Give again the entries below exactly, beginning at the first line and ending at the line with "1 - L (k - 1) - L".

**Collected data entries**
--- --- ---

theorem theorem3p1:
  fixes S :: "'a::{real_inner,complete_space} \<Rightarrow> 'a"
    and A :: "'a \<Rightarrow> 'a set" and B C :: "'a \<Rightarrow> 'a"
    and \<mu> \<beta> \<gamma> \<epsilon> :: real
    and gam L :: "nat \<Rightarrow> real" and M :: "nat \<Rightarrow> 'a \<Rightarrow> 'a"
    and x0 u0 :: 'a and x y u :: "nat \<Rightarrow> 'a"
  assumes S: "strongly_pos_sa S"
    and A: "maximal_monotone A"
    and B_mono: "monotone_fun B" and mu: "\<mu> \<ge> 0" and B_lip: "lipschitz_wrt S \<mu> B"
    and beta: "\<beta> > 0" and C: "cocoercive_wrt S \<beta> C"
    and zer_ne: "zer3 A B C \<noteq> {}"
    and gamma: "\<gamma> > 0" and gam: "\<And>k. gam k \<ge> \<gamma>"
    and Lk: "\<And>k. 0 \<le> L k \<and> L k < 1"
    and M: "\<And>k. lipschitz_wrt S (L k) (\<lambda>z. gam k *\<^sub>R M k z - S z)"
    and eps: "\<epsilon> > 0"
    and step: "\<And>k. k \<ge> 1 \<Longrightarrow>
        1 - L (k - 1) - L k - 2 * gam k * L k * \<mu> - (gam k)\<^sup>2 * \<mu>\<^sup>2 - gam k * \<beta> / 2 \<ge> \<epsilon>"
    and init: "x 0 = x0" "u 0 = u0"
    and y_def: "\<And>k. M k (x k) - (B (x k) + C (x k)) + (1 / gam k) *\<^sub>R u k
                     \<in> (\<lambda>a. M k (y k) + a) ` A (y k)"
    and x_def: "\<And>k. x (Suc k) = y k - gam k *\<^sub>R inv S (B (y k)) + gam k *\<^sub>R inv S (B (x k))"
    and u_def: "\<And>k. u (Suc k) = (gam k *\<^sub>R M k (y k) - S (y k)) - (gam k *\<^sub>R M k (x k) - S (x k))"
  shows "\<exists>z \<in> zer3 A B C. weakly_converges x z"
proof -
  interpret nfbhf_iteration S A B C \<mu> \<beta> \<gamma> \<epsilon> gam L M x y u
    by unfold_locales (use assms in auto)
  show ?thesis
  proof (rule opial[OF zer_ne])
    show "\<And>z. z \<in> zer3 A B C \<Longrightarrow> convergent (\<lambda>n. normS S (x n - z))"
      by (rule dist_zer3_convergent)
    show "\<And>\<sigma> w. strict_mono \<sigma> \<Longrightarrow> weakly_converges (x \<circ> \<sigma>) w \<Longrightarrow> w \<in> zer3 A B C"
      by (rule weak_cluster_point_mem_zer3)
  qed
qed

end
lemma ex_ord_one_less:
  fixes \<xi> :: "'o::wellorder"
  assumes "\<not> ord_zero \<xi>" "\<not> ord_one \<xi>"
  shows "\<exists>\<omega> < \<xi>. ord_one \<omega>"
proof -
  from assms obtain \<mu> where \<mu>: "\<mu> < \<xi>" "\<not> ord_zero \<mu>"
    unfolding ord_one_def by blast
  define \<omega> :: 'o where "\<omega> = (LEAST \<mu>. \<not> ord_zero \<mu>)"
  have "\<omega> \<le> \<mu>"
    unfolding \<omega>_def using \<mu>(2) by (rule Least_le)
  then have "\<omega> < \<xi>"
    using \<mu>(1) by (rule le_less_trans)
  moreover have "\<not> ord_zero \<omega>"
    unfolding \<omega>_def using \<mu>(2) by (rule LeastI)
  moreover have "\<forall>\<mu>'. \<mu>' < \<omega> \<longrightarrow> ord_zero \<mu>'"
    unfolding \<omega>_def using not_less_Least by blast
  ultimately show ?thesis
    unfolding ord_one_def by blast
qed

lemma borel_Sigma_unfold: "borel_Sigma X \<nu> = borel_sigma_step X (borel_Sigma X) \<nu>"
proof -
  have "wf {(\<mu>, \<nu>). (\<mu>::'o::wellorder) < \<nu>}"
    using wf by (simp add: wf_def)
  then have "borel_Sigma X \<nu> = borel_sigma_step X (cut (borel_Sigma X) {(\<mu>, \<nu>). \<mu> < \<nu>} \<nu>) \<nu>"
    unfolding borel_Sigma_def by (rule wfrec)
  also have "\<dots> = borel_sigma_step X (borel_Sigma X) \<nu>"
    unfolding borel_sigma_step_def by (simp add: cut_apply cong: conj_cong)
  finally show ?thesis .
qed

lemma borel_Sigma_zero: "ord_zero \<nu> \<Longrightarrow> borel_Sigma X \<nu> = {A. openin X A \<and> closedin X A}"
  by (subst borel_Sigma_unfold) (simp add: borel_sigma_step_def)

lemma borel_Sigma_one: "ord_one \<nu> \<Longrightarrow> borel_Sigma X \<nu> = {A. openin X A}"
  by (subst borel_Sigma_unfold) (simp add: borel_sigma_step_def ord_one_def)

lemma borel_Sigma_iff:
  assumes "\<not> ord_zero \<nu>" "\<not> ord_one \<nu>"
  shows "A \<in> borel_Sigma X \<nu> \<longleftrightarrow>
    (\<exists>U::nat \<Rightarrow> 'a set. A = \<Union> (range U) \<and> (\<forall>n. \<exists>\<mu> < \<nu>. \<not> ord_zero \<mu> \<and> U n \<in> borel_Pi X \<mu>))"
  using assms by (subst borel_Sigma_unfold) (simp add: borel_sigma_step_def borel_Pi_def Bex_def conj_commute)

lemma borel_Sigma_subset_topspace: "A \<in> borel_Sigma X \<nu> \<Longrightarrow> A \<subseteq> topspace X"
  by (cases "ord_zero \<nu> \<or> ord_one \<nu>")
    (auto simp: borel_Sigma_zero borel_Sigma_one borel_Sigma_iff borel_Pi_def dest!: openin_subset)
lemma compact_uniform_exponential_bound:
  fixes F :: "'a::topological_space \<Rightarrow> nat \<Rightarrow> real"
  assumes "compact K"
    and locally: "\<And>t. t \<in> K \<Longrightarrow> \<exists>U c c'. open U \<and> t \<in> U \<and> 0 < c \<and> 0 < c' \<and>
                   (\<forall>s\<in>U. \<forall>n. F s n \<le> c * exp (- c' * n))"
  shows "\<exists>c c'. 0 < c \<and> 0 < c' \<and> (\<forall>t\<in>K. \<forall>n. F t n \<le> c * exp (- c' * n))"
proof -
  obtain U c c' where U: "\<And>t. t \<in> K \<Longrightarrow> open (U t) \<and> t \<in> U t \<and> 0 < c t \<and> 0 < c' t \<and>
                          (\<forall>s\<in>U t. \<forall>n. F s n \<le> c t * exp (- c' t * n))"
    using locally by metis
  obtain T where "T \<subseteq> K" "finite T" and cover: "K \<subseteq> (\<Union>t\<in>T. U t)"
    using compactE_image[OF \<open>compact K\<close>, of K U] U by blast
  define C where "C = Max (insert 1 (c ` T))"
  define C' where "C' = Min (insert 1 (c' ` T))"
  have "0 < C" by (simp add: C_def \<open>finite T\<close> Max_gr_iff)
  moreover have "0 < C'"
    using U \<open>T \<subseteq> K\<close> by (auto simp: C'_def \<open>finite T\<close> Min_gr_iff)
  moreover have "F s n \<le> C * exp (- C' * n)" if "s \<in> K" for s n
  proof -
    obtain t where t: "t \<in> T" "s \<in> U t" using cover \<open>s \<in> K\<close> by blast
    with \<open>T \<subseteq> K\<close> have "F s n \<le> c t * exp (- c' t * n)" using U by blast
    also have "\<dots> \<le> C * exp (- C' * n)"
    proof (intro mult_mono)
      show "c t \<le> C" using t \<open>finite T\<close> by (simp add: C_def)
      have "C' \<le> c' t" using t \<open>finite T\<close> by (simp add: C'_def)
      then show "exp (- c' t * n) \<le> exp (- C' * n)" by (simp add: mult_right_mono)
    qed (use \<open>0 < C\<close> in auto)
    finally show ?thesis .
  qed
  ultimately show ?thesis by blast
qed

lemma norm_eq_bound_if_norm_sum_eq:
  fixes c :: "'a \<Rightarrow> 'b::real_normed_vector"
  assumes "finite A" and le: "\<And>w. w \<in> A \<Longrightarrow> norm (c w) \<le> r w"
    and eq: "norm (sum c A) = sum r A" and "w \<in> A"
  shows "norm (c w) = r w"
proof -
  have "(\<Sum>w\<in>A. r w - norm (c w)) \<le> 0"
    using eq norm_sum[of c A] by (simp add: sum_subtractf)
  moreover have "0 \<le> (\<Sum>w\<in>A. r w - norm (c w))"
    using le by (simp add: sum_nonneg)
  ultimately have "\<forall>w\<in>A. r w - norm (c w) = 0"
    using le \<open>finite A\<close> by (subst sum_nonneg_eq_0_iff[symmetric]) auto
  with \<open>w \<in> A\<close> show ?thesis by simp
qed

lemma mult_eq_mult_of_bounds_imp_eq:
  fixes u v U V :: real
  assumes "0 \<le> u" "u \<le> U" "0 \<le> v" "v \<le> V" "0 < U" "0 < V" and "u * v = U * V"
  shows "u = U" and "v = V"
proof -
  have "U * V \<le> u * V"
    using assms mult_left_mono[of v V u] by simp
  with assms show "u = U" by simp
  have "U * V \<le> U * v"
    using assms mult_right_mono[of u U v] by simp
  with assms show "v = V" by simp
qed

lemma sgn_eq_sgn_sum_if_norm_sum_eq:
  fixes c :: "'a \<Rightarrow> complex"
  assumes "finite A" and norm_eq: "norm (sum c A) = (\<Sum>w\<in>A. norm (c w))"
    and "y \<in> A" and "c y \<noteq> 0"
  shows "sgn (c y) = sgn (sum c A)"
proof -
  define s where "s = sum c A"
  have "(\<Sum>w\<in>A. Re (cnj s * c w)) = Re (cnj s * sum c A)"
    by (simp only: sum_distrib_left Re_sum)
  also have "\<dots> = Re (of_real ((norm s)\<^sup>2))"
    unfolding complex_norm_square s_def by (rule arg_cong[where f = Re], rule mult.commute)
  also have "\<dots> = (norm s)\<^sup>2"
    by simp
  also have "\<dots> = (\<Sum>w\<in>A. norm s * norm (c w))"
    using norm_eq by (simp add: s_def power2_eq_square sum_distrib_left)
  finally have "(\<Sum>w\<in>A. norm s * norm (c w) - Re (cnj s * c w)) = 0"
    by (simp add: sum_subtractf)
  moreover have "Re (cnj s * c w) \<le> norm s * norm (c w)" for w
    by (metis complex_Re_le_cmod complex_mod_cnj norm_mult)
  ultimately have "norm (cnj s * c y) = Re (cnj s * c y)"
    using \<open>finite A\<close> \<open>y \<in> A\<close> by (simp add: sum_nonneg_eq_0_iff norm_mult)
  then have "cnj s * c y \<in> \<real>\<^sub>\<ge>\<^sub>0"
    by (simp only: norm_eq_Re_iff)
  then obtain r where r: "cnj s * c y = of_real r" "0 \<le> r"
    by (rule nonneg_Reals_cases)
  have "norm (c y) \<le> norm s"
    unfolding s_def norm_eq by (rule member_le_sum) (simp_all add: \<open>y \<in> A\<close> \<open>finite A\<close>)
  with \<open>c y \<noteq> 0\<close> have "s \<noteq> 0" by auto
  have "of_real ((norm s)\<^sup>2) * c y = s * of_real r"
    unfolding complex_norm_square mult.assoc r(1) ..
  with \<open>s \<noteq> 0\<close> have cy: "c y = s * of_real (r / (norm s)\<^sup>2)"
    by (simp add: field_simps)
  with \<open>c y \<noteq> 0\<close> r(2) have "0 < r / (norm s)\<^sup>2"
    by (auto simp: less_le)
  then have "sgn (complex_of_real (r / (norm s)\<^sup>2)) = 1"
    unfolding sgn_of_real by (simp only: sgn_pos of_real_1)
  then show ?thesis
    unfolding s_def[symmetric] cy sgn_mult by simp
qed

lemma multiplicative_imp_geometric:
  fixes G :: "nat \<Rightarrow> 'a::field"
  assumes mult: "\<And>a b. k \<le> a \<Longrightarrow> k \<le> b \<Longrightarrow> G (a + b) = G a * G b" and "G k \<noteq> 0"
  shows "\<exists>d. \<forall>l\<ge>k. G l = d ^ l"
proof (intro exI allI impI)
  define d where "d = G (Suc k) / G k"
  have step: "G (Suc l) = G l * d" if "k \<le> l" for l
  proof -
    have "G (Suc l) * G k = G l * G (Suc k)"
      using mult[of "Suc l" k] mult[of l "Suc k"] that by simp
    with \<open>G k \<noteq> 0\<close> show ?thesis by (simp add: d_def field_simps)
  qed
  have from_k: "G (k + j) = G k * d ^ j" for j
    by (induction j) (simp_all add: step)
  have "G k * G k = G k * d ^ k"
    using mult[of k k] from_k[of k] by (metis order_refl)
  with \<open>G k \<noteq> 0\<close> have "G k = d ^ k" by simp
  show "G l = d ^ l" if "k \<le> l" for l
    using from_k[of "l - k"] that \<open>G k = d ^ k\<close> by (simp add: power_add[symmetric])
qed

section \<open>The twisted kernel\<close>

lemma H3_closed_path:
  assumes "markov_matrix P" "H3 P f"
  obtains ys L where "ys L = ys 0" "\<And>i. i < L \<Longrightarrow> 0 < P (ys i) (ys (Suc i))"
    "(\<Sum>i<L. f (ys (Suc i))) - real L * \<theta> \<notin> {a * of_int k | k. True}"
proof -
  obtain n xs where cycle: "0 < (\<Prod>i<n. P (xs i) (xs (Suc i))) * P (xs n) (xs 0)"
    and S: "(\<Sum>i\<le>n. f (xs i)) - real (n + 1) * \<theta> \<notin> {a * of_int k | k. True}"
    using \<open>H3 P f\<close> unfolding H3_def by blast
  define ys where "ys i = (if i \<le> n then xs i else xs 0)" for i
  have "(\<Prod>i<Suc n. P (ys i) (ys (Suc i))) = (\<Prod>i<n. P (xs i) (xs (Suc i))) * P (xs n) (xs 0)"
    by (simp add: ys_def)
  with cycle have "(\<Prod>i<Suc n. P (ys i) (ys (Suc i))) \<noteq> 0"
    by linarith
  then have steps: "0 < P (ys i) (ys (Suc i))" if "i < Suc n" for i
    using that \<open>markov_matrix P\<close> by (auto simp: markov_matrix_def less_le)
  have "(\<Sum>i<Suc n. f (ys (Suc i))) = (\<Sum>i<n. f (xs (Suc i))) + f (xs 0)"
    by (auto simp: ys_def intro!: sum.cong)
  also have "\<dots> = (\<Sum>i\<le>n. f (xs i))"
    unfolding lessThan_Suc_atMost[symmetric] sum.lessThan_Suc_shift by simp
  finally show thesis
    using S steps by (intro that[where L = "Suc n" and ys = ys]) (simp_all add: ys_def)
qed

lemma imag_exp_eq_power_imp_lattice:
  assumes "t \<noteq> 0" and "exp (\<i> * of_real (t * S)) = exp (\<i> * of_real (t * \<theta>)) ^ L"
  shows "S - real L * \<theta> \<in> {(2 * pi / t) * of_int k | k. True}"
proof -
  have "exp (\<i> * of_real (t * S)) = exp (of_nat L * (\<i> * of_real (t * \<theta>)))"
    using assms(2) by (simp add: exp_of_nat_mult)
  then obtain k :: int where "\<i> * of_real (t * S) = of_nat L * (\<i> * of_real (t * \<theta>)) + of_int (2 * k) * pi * \<i>"
    unfolding exp_eq by blast
  from arg_cong[where f = Im, OF this] have "t * S = real L * (t * \<theta>) + 2 * pi * k"
    by simp
  with \<open>t \<noteq> 0\<close> have "S - real L * \<theta> = (2 * pi / t) * of_int k"
    by (simp add: field_simps)
  then show ?thesis by blast
qed

locale twisted_markov_chain =
  fixes P :: "'x::finite \<Rightarrow> 'x \<Rightarrow> real" and f :: "'x \<Rightarrow> real"
  assumes markov: "markov_matrix P"
begin

definition twist :: "real \<Rightarrow> 'x \<Rightarrow> 'x \<Rightarrow> complex"
  where "twist t x y = exp (\<i> * of_real (t * f y)) * of_real (P x y)"

abbreviation P_pow :: "nat \<Rightarrow> 'x \<Rightarrow> 'x \<Rightarrow> real"
  where "P_pow \<equiv> kernel_pow P"

abbreviation twist_pow :: "real \<Rightarrow> nat \<Rightarrow> 'x \<Rightarrow> 'x \<Rightarrow> complex"
  where "twist_pow t \<equiv> kernel_pow (twist t)"

text \<open>No cancellation in the entry: all paths from \<open>x\<close> to \<open>z\<close> of length \<open>n\<close> carry the same phase.\<close>

definition aligned :: "real \<Rightarrow> nat \<Rightarrow> 'x \<Rightarrow> 'x \<Rightarrow> bool"
  where "aligned t n x z \<longleftrightarrow> norm (twist_pow t n x z) = P_pow n x z"

lemma Pt_eq_kernel_op: "Pt P f t = kernel_op (twist t)"
  by (simp add: fun_eq_iff Pt_def kernel_op_def twist_def mult_ac)

lemma norm_twist [simp]: "norm (twist t x y) = P x y"
  using markov by (simp add: twist_def norm_mult markov_matrix_def)

lemma sgn_twist: "0 < P x y \<Longrightarrow> sgn (twist t x y) = exp (\<i> * of_real (t * f y))"
  unfolding twist_def sgn_mult sgn_of_real sgn_eq[of "exp _"] norm_exp_i_times by simp

lemma P_pow_nonneg: "0 \<le> P_pow n x z"
  using markov_matrix_kernel_pow[OF markov] by (simp add: markov_matrix_def)

lemma P_pow_mult_le: "P_pow a x y * P_pow b y z \<le> P_pow (a + b) x z"
  unfolding kernel_pow_add kernel_mult_def
  by (intro member_le_sum mult_nonneg_nonneg P_pow_nonneg) simp_all

lemma H1_imp_P_pow_pos:
  assumes "H1 P"
  obtains k0 where "1 \<le> k0" "\<And>k x z. k0 \<le> k \<Longrightarrow> 0 < P_pow k x z"
proof -
  obtain k0 where "1 \<le> k0" and irreducible:
    "\<And>g::'x \<Rightarrow> real. (\<forall>x. 0 \<le> g x) \<and> (\<exists>x. g x \<noteq> 0) \<Longrightarrow> \<forall>x. 0 < (markov_op P ^^ k0) g x"
    using \<open>H1 P\<close> unfolding H1_def by blast
  have pos_k0: "0 < P_pow k0 y z" for y z
    using irreducible[of "\<lambda>w. of_bool (w = z)"]
    by (auto simp: markov_op_eq_kernel_op funpow_kernel_op kernel_op_def)
  have "0 < P_pow k x z" if "k0 \<le> k" for k x z
  proof -
    have "(\<Sum>y\<in>UNIV. P_pow (k - k0) x y) = 1"
      using markov_matrix_kernel_pow[OF markov] by (simp add: markov_matrix_def)
    then obtain y where "P_pow (k - k0) x y \<noteq> 0"
      by (metis sum.neutral zero_neq_one)
    then have "0 < P_pow (k - k0) x y * P_pow k0 y z"
      using pos_k0 P_pow_nonneg by (simp add: less_le)
    also have "\<dots> \<le> P_pow k x z"
      using P_pow_mult_le[of "k - k0" x y k0 z] that by simp
    finally show ?thesis .
  qed
  with \<open>1 \<le> k0\<close> show thesis by (rule that)
qed

lemma norm_twist_pow_le: "norm (twist_pow t n x z) \<le> P_pow n x z"
  by (rule norm_kernel_pow_le) simp

lemma kernel_norm_twist_pow_le_1: "kernel_norm (twist_pow t n) \<le> 1"
proof (rule kernel_norm_le)
  fix x
  have "(\<Sum>z\<in>UNIV. norm (twist_pow t n x z)) \<le> (\<Sum>z\<in>UNIV. P_pow n x z)"
    by (intro sum_mono norm_twist_pow_le)
  also have "\<dots> = 1"
    using markov_matrix_kernel_pow[OF markov] by (simp add: markov_matrix_def)
  finally show "(\<Sum>z\<in>UNIV. norm (twist_pow t n x z)) \<le> 1" .
qed

lemma isCont_twist_pow: "isCont (\<lambda>s. twist_pow s n x z) t"
  by (induction n arbitrary: x) (auto simp: kernel_mult_def twist_def intro!: continuous_intros)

--- --- ---

**WRITTEN RESPONSE**
theorem theorem3p1:
  fixes S :: "'a::{real_inner,complete_space} \<Rightarrow> 'a"
    and A :: "'a \<Rightarrow> 'a set" and B C :: "'a \<Rightarrow> 'a"
    and \<mu> \<beta> \<gamma> \<epsilon> :: real
    and gam L :: "nat \<Rightarrow> real" and M :: "nat \<Rightarrow> 'a \<Rightarrow> 'a"
    and x0 u0 :: 'a and x y u :: "nat \<Rightarrow> 'a"
  assumes S: "strongly_pos_sa S"
    and A: "maximal_monotone A"
    and B_mono: "monotone_fun B" and mu: "\<mu> \<ge> 0" and B_lip: "lipschitz_wrt S \<mu> B"
    and beta: "\<beta> > 0" and C: "cocoercive_wrt S \<beta> C"
    and zer_ne: "zer3 A B C \<noteq> {}"
    and gamma: "\<gamma> > 0" and gam: "\<And>k. gam k \<ge> \<gamma>"
    and Lk: "\<And>k. 0 \<le> L k \<and> L k < 1"
    and M: "\<And>k. lipschitz_wrt S (L k) (\<lambda>z. gam k *\<^sub>R M k z - S z)"
    and eps: "\<epsilon> > 0"
    and step: "\<And>k. k \<ge> 1 \<Longrightarrow>
        1 - L (k - 1) - L k - 2 * gam k * L k * \<mu> - (gam k)\<^sup>2 * \<mu>\<^sup>2 - gam k * \<beta> / 2 \<ge> \<epsilon>"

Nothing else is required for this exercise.